In the embodiment according to figure 1, these resilient means are formed by a series of bending springs 13 per heating pipe 3, 4, which are preferably evenly distributed over the length of the heating pipe. The bending springs 13 can be formed by flat or round spring bars. For attaching these bending springs 13 to the corner profiles 11, 12, the latter, as shown in figure 3, are provided with slots 14 in which the bending springs 13 can be easily hooked in such a way that they exert a pressure on the heating pipes 3, which is directed towards the radiation panel 1, 4 exercise. Preferably, in order to exert this pressure under the bending springs 13, a filling strip 15 is arranged on the latter in the longitudinal direction of the heating tubes 3, 4, such that the bending springs are tensioned, as shown in figure 4. If, however, instead of a rectangular heating tube 3, 4 for example a triangular tube would be used, these filler strips 15 are superfluous.
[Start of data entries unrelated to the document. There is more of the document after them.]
lemma truncation_nbhd_sum:
  fixes g :: "nat \<Rightarrow> 'b::ab_group_add"
  assumes G: "cubic_multigraph VG D vert rv" and loopless: "mg_loopless D vert rv"
    and f: "bij_betw f UNIV D" and iso: "\<And>x y. E x y \<longleftrightarrow> trunc_adj D vert rv (f x) (f y)"
  shows "(\<Sum>j | E i j. g (f j)) = (\<Sum>d\<in>{d\<in>D. vert d = vert (f i)}. g d) - g (f i) + g (rv (f i))"
proof -
  have fi: "f i \<in> D"
    using f bij_betwE by blast
  have "inj_on f {j. E i j}"
    using f by (metis bij_betw_def inj_on_subset subset_UNIV)
  then have "(\<Sum>j | E i j. g (f j)) = (\<Sum>d\<in>f ` {j. E i j}. g d)"
    by (simp add: sum.reindex)
  also have "\<dots> = (\<Sum>d\<in>{d\<in>D. vert d = vert (f i)}. g d) - g (f i) + g (rv (f i))"
  proof -
    let ?A = "{d\<in>D. vert d = vert (f i)}"
    have fin: "finite ?A"
      using G by (simp add: cubic_multigraph_def)
    have "rv (f i) \<notin> ?A"
      using loopless fi by (auto simp: mg_loopless_def)
    then have "(\<Sum>d\<in>insert (rv (f i)) (?A - {f i}). g d) = g (rv (f i)) + (\<Sum>d\<in>?A - {f i}. g d)"
      using fin by (intro sum.insert) auto
    also have "\<dots> = g (rv (f i)) + (\<Sum>d\<in>?A. g d) - g (f i)"
      using fin fi by (simp add: sum_diff1 algebra_simps)
    finally show ?thesis
      by (simp add: truncation_nbhd[OF G f iso])
  qed
  finally show ?thesis .
qed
Provide the grooves 14 in the corner profiles 11, 12 / i at a substantially constant mutual distance of, for example, 10 cm, in order to obtain a substantially uniform pressure distribution over the length of the heating pipe 3, 4. The heating tubes 3, 4 are thus pressed against the radiation panel 1 over their entire length, whereby a better contact between the two is realized and thus a more efficient heat transfer is obtained. In order to further improve the latter, recesses 16 are provided in the sides of the corner profiles 11, 12 with respect to the radiation panel 1, in order to increase their flexibility so that a smaller force is required to completely contact the radiation panel 1 against the heating pipes 3, 4 to connect.

The heating tubes 3, 4 are preferably galvanized or aluminized metal tubes, whereby the heat transfer from these tubes to the radiation panel is further optimized and the tubes are sufficiently corrosion resistant. The back of the radiation panel is also preferably galvanized or aluminised, while the front is normally painted or lacquered.
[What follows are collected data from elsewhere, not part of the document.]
lemma orth_proj_deflate:
  fixes P :: "complex^'k::finite^'k"
  assumes hP: "orth_proj P" and Ps: "P *v s = s" and s0: "s \<noteq> 0"
  shows "orth_proj (P - outer s)" "trace (P - outer s) = trace P - 1"
    "\<And>t. P *v t = t \<Longrightarrow> vinner s t = 0 \<Longrightarrow> (P - outer s) *v t = t"
proof -
  define a where "a = vinner s s"
  have a0: "a \<noteq> 0" using vinner_self_nonzero[OF s0] by (simp add: a_def)
  have aeq: "a = (\<Sum>k\<in>UNIV. cnj (s$k) * s$k)" by (simp add: a_def vinner_def)
  have a_real: "cnj a = a" by (simp add: aeq mult.commute)
  have cO: "cadj (outer s) = outer s"
    using a_real by (simp add: vec_eq_iff outer_def a_def[symmetric] mult.commute)
  have cP: "cadj P = P" and PP: "P ** P = P" using hP by (auto simp: orth_proj_def)
  have PO: "P ** outer s = outer s"
  proof -
    have "(P ** outer s)$i$j = outer s $i$j" for i j
    proof -
      have "(P ** outer s)$i$j = (\<Sum>k\<in>UNIV. P$i$k * s$k) * cnj (s$j) / a"
        by (simp add: matrix_matrix_mult_def outer_def a_def sum_distrib_right
            sum_divide_distrib mult.assoc)
      also have "(\<Sum>k\<in>UNIV. P$i$k * s$k) = s$i" using Ps
        by (simp add: vec_eq_iff matrix_vector_mult_def)
      finally show ?thesis by (simp add: outer_def a_def)
    qed
    then show ?thesis by (simp add: vec_eq_iff)
  qed
  have OP: "outer s ** P = outer s"
    by (metis cO cP PO cadj_mult)
  have OO: "outer s ** outer s = outer s"
  proof -
    have "(outer s ** outer s)$i$j = outer s $i$j" for i j
    proof -
      have "(outer s ** outer s)$i$j = s$i * (\<Sum>k\<in>UNIV. cnj (s$k) * s$k) * cnj (s$j) / (a * a)"
        by (simp add: matrix_matrix_mult_def outer_def a_def sum_distrib_right
            sum_distrib_left sum_divide_distrib algebra_simps)
      also have "\<dots> = outer s $i$j" using a0 by (simp add: aeq[symmetric] outer_def a_def)
      finally show ?thesis .
    qed
    then show ?thesis by (simp add: vec_eq_iff)
  qed
  show "orth_proj (P - outer s)"
    unfolding orth_proj_def
    by (simp add: cadj_diff cO cP mat_diff_left mat_diff_right PP PO OP OO)
  have "trace (outer s) = (\<Sum>i\<in>UNIV. cnj (s$i) * s$i) / a"
    by (simp add: trace_def outer_def a_def sum_divide_distrib mult.commute)
  then have "trace (outer s) = 1" using a0 by (simp add: aeq[symmetric])
  then show "trace (P - outer s) = trace P - 1" by (simp add: trace_diff)
  fix t assume Pt: "P *v t = t" and st: "vinner s t = 0"
  have "(outer s *v t)$i = s$i * vinner s t / a" for i
    by (simp add: matrix_vector_mult_def outer_def vinner_def a_def sum_distrib_left
        sum_divide_distrib algebra_simps)
  then have "outer s *v t = 0" using st by (simp add: vec_eq_iff)
  then show "(P - outer s) *v t = t" using Pt
    by (simp add: matrix_vector_mult_def vec_eq_iff sum_subtractf algebra_simps)
qed

lemma orth_proj_trace_ge_2:
  fixes P :: "complex^'k::finite^'k"
  assumes hP: "orth_proj P" and Ps: "P *v s = s" and Pt: "P *v t = t"
    and s0: "s \<noteq> 0" and t0: "t \<noteq> 0" and st: "vinner s t = 0"
  shows "\<exists>r\<ge>2. trace P = complex_of_real r"
proof -
  note p1 = orth_proj_deflate[OF hP Ps s0]
  note p2 = orth_proj_deflate[OF p1(1) p1(3)[OF Pt st] t0]
  let ?Q = "P - outer s - outer t"
  have "trace ?Q = trace P - 2" using p2(2) p1(2) by simp
  moreover have "trace ?Q = complex_of_real (\<Sum>i\<in>UNIV. \<Sum>j\<in>UNIV. (cmod (?Q$i$j))^2)"
    using orth_proj_hs_self[OF p2(1)] hs_self[of ?Q] by simp
  moreover have "0 \<le> (\<Sum>i\<in>UNIV. \<Sum>j\<in>UNIV. (cmod (?Q$i$j))^2)" by (intro sum_nonneg) simp
  ultimately show ?thesis
    by (intro exI[of _ "(\<Sum>i\<in>UNIV. \<Sum>j\<in>UNIV. (cmod (?Q$i$j))^2) + 2"]) (simp add: algebra_simps)
qed

text \<open>Equality criterion: a matrix T whose overlaps with an orthogonal projection P both
  equal tr P and whose squared norm does not exceed tr P is P itself,
  since then \<langle>T - P, T - P\<rangle> = \<langle>T, T\<rangle> - tr P \<le> 0.\<close>
lemma orth_proj_eqI:
  fixes P T :: "complex^'k::finite^'k"
  assumes "orth_proj P" "hs T P = trace P" "hs P T = trace P"
    and "hs T T = complex_of_real r" "trace P = complex_of_real p" "r \<le> p"
  shows "T = P"
proof -
  have "hs (T - P) (T - P) = complex_of_real (r - p)"
    using assms(1-5) by (simp add: hs_diff orth_proj_hs_self)
  then have "T - P = 0" using assms(6) by (intro hs_self_nonpos_imp_zero[of _ "r - p"]) auto
  then show ?thesis by simp
qed

section \<open>The representation \<rho>(X) = X \<otimes> X \<otimes> conj X \<otimes> conj X\<close>

type_synonym 'n idx4 = "'n \<times> 'n \<times> 'n \<times> 'n"

definition rho :: "complex^'n^'n \<Rightarrow> complex^('n idx4)^('n idx4)" where
  "rho X = (\<chi> i j. case i of (i1,i2,i3,i4) \<Rightarrow> case j of (j1,j2,j3,j4) \<Rightarrow>
       X$i1$j1 * X$i2$j2 * cnj (X$i3$j3) * cnj (X$i4$j4))"

lemma rho_nth [simp]: "rho X $ (i1,i2,i3,i4) $ (j1,j2,j3,j4) =
   X$i1$j1 * X$i2$j2 * cnj (X$i3$j3) * cnj (X$i4$j4)"
  by (simp add: rho_def)

lemma tensor4_entry_rho: "tensor4_entry X X (cadj X) (cadj X) (i1,i2,i3,i4) (j1,j2,j3,j4) =
   rho X $ (i1,i2,j3,j4) $ (j1,j2,i3,i4)"
  by (simp add: tensor4_entry_def)

lemma sum_idx4: "(\<Sum>k\<in>(UNIV::('n::finite) idx4 set). f k) =
   (\<Sum>a\<in>UNIV. \<Sum>b\<in>UNIV. \<Sum>c\<in>UNIV. \<Sum>d\<in>UNIV. f (a,b,c,d))"
  by (simp add: sum.cartesian_product UNIV_Times_UNIV[symmetric] del: UNIV_Times_UNIV)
The corner or L-profiles 3, 4 can also be made of galvanized or aluminized metal or possibly even of plastic such as polyamide (Nylon) or polycarbonate.

For the adhesion of the corner profiles 3, 4 to the radiation panel 1, use is preferably made of adhesive strips such that a homogeneous distribution of the adhesive is automatically obtained. A suitable adhesive strip is, for example, the VHB adhesive strip type 4222 from 3M, which contains a homogeneous acrylic adhesive with a 100% closed cell structure. It has been found that this adhesive retains its flexibility even after prolonged use at a high temperature of 90 to 100 ° C and that all thermal expansions remain possible. Other suitable adhesives based on acrylic are, for example, DP 801 and DP 802 from 3M to be applied as such and 4940 and 4945, also from 3M, for strips. In addition to these adhesives, 2-component epoxy adhesives such as DP 460 and DP 499 from 3M are also eligible.

Figure 5 shows a possible variant embodiment of the radiator according to the invention. In this embodiment, only one angle profile is provided per heating pipe. This angle profile continues into the resilient means for pressing the heating tubes against the radiation panel. The entire clamping construction is formed by a pleated sheet of spring steel 17 which is glued to the radiation panel and between which the heating tube is clamped.

It will be clear that in this variant the resilient means formed by a leaf spring and the angle profile do not necessarily have to be made from one and the same steel sheet, but may possibly be fastened together by means of rivets, for example. In addition, it is also possible for the spring means to contain a series of narrow leaf springs, which are preferably fixed to the corner profile at regular intervals.

The invention is by no means limited to the above-described embodiments, but all kinds of modifications can be made to these embodiments, including as regards the number and the arrangement of the various elements of the radiator.

For example, it will be clear that instead of arranging one corner profile along one side of the heating tube, two or more shorter corner profiles can be glued along this side against the radiation panel. Furthermore, the corner profile can optionally be part of a closed profile such as a rectangular or a triangular profile. The angle formed by both sides of the angle profile should not necessarily be equal to 90 °, but may also be smaller.

Claims (11)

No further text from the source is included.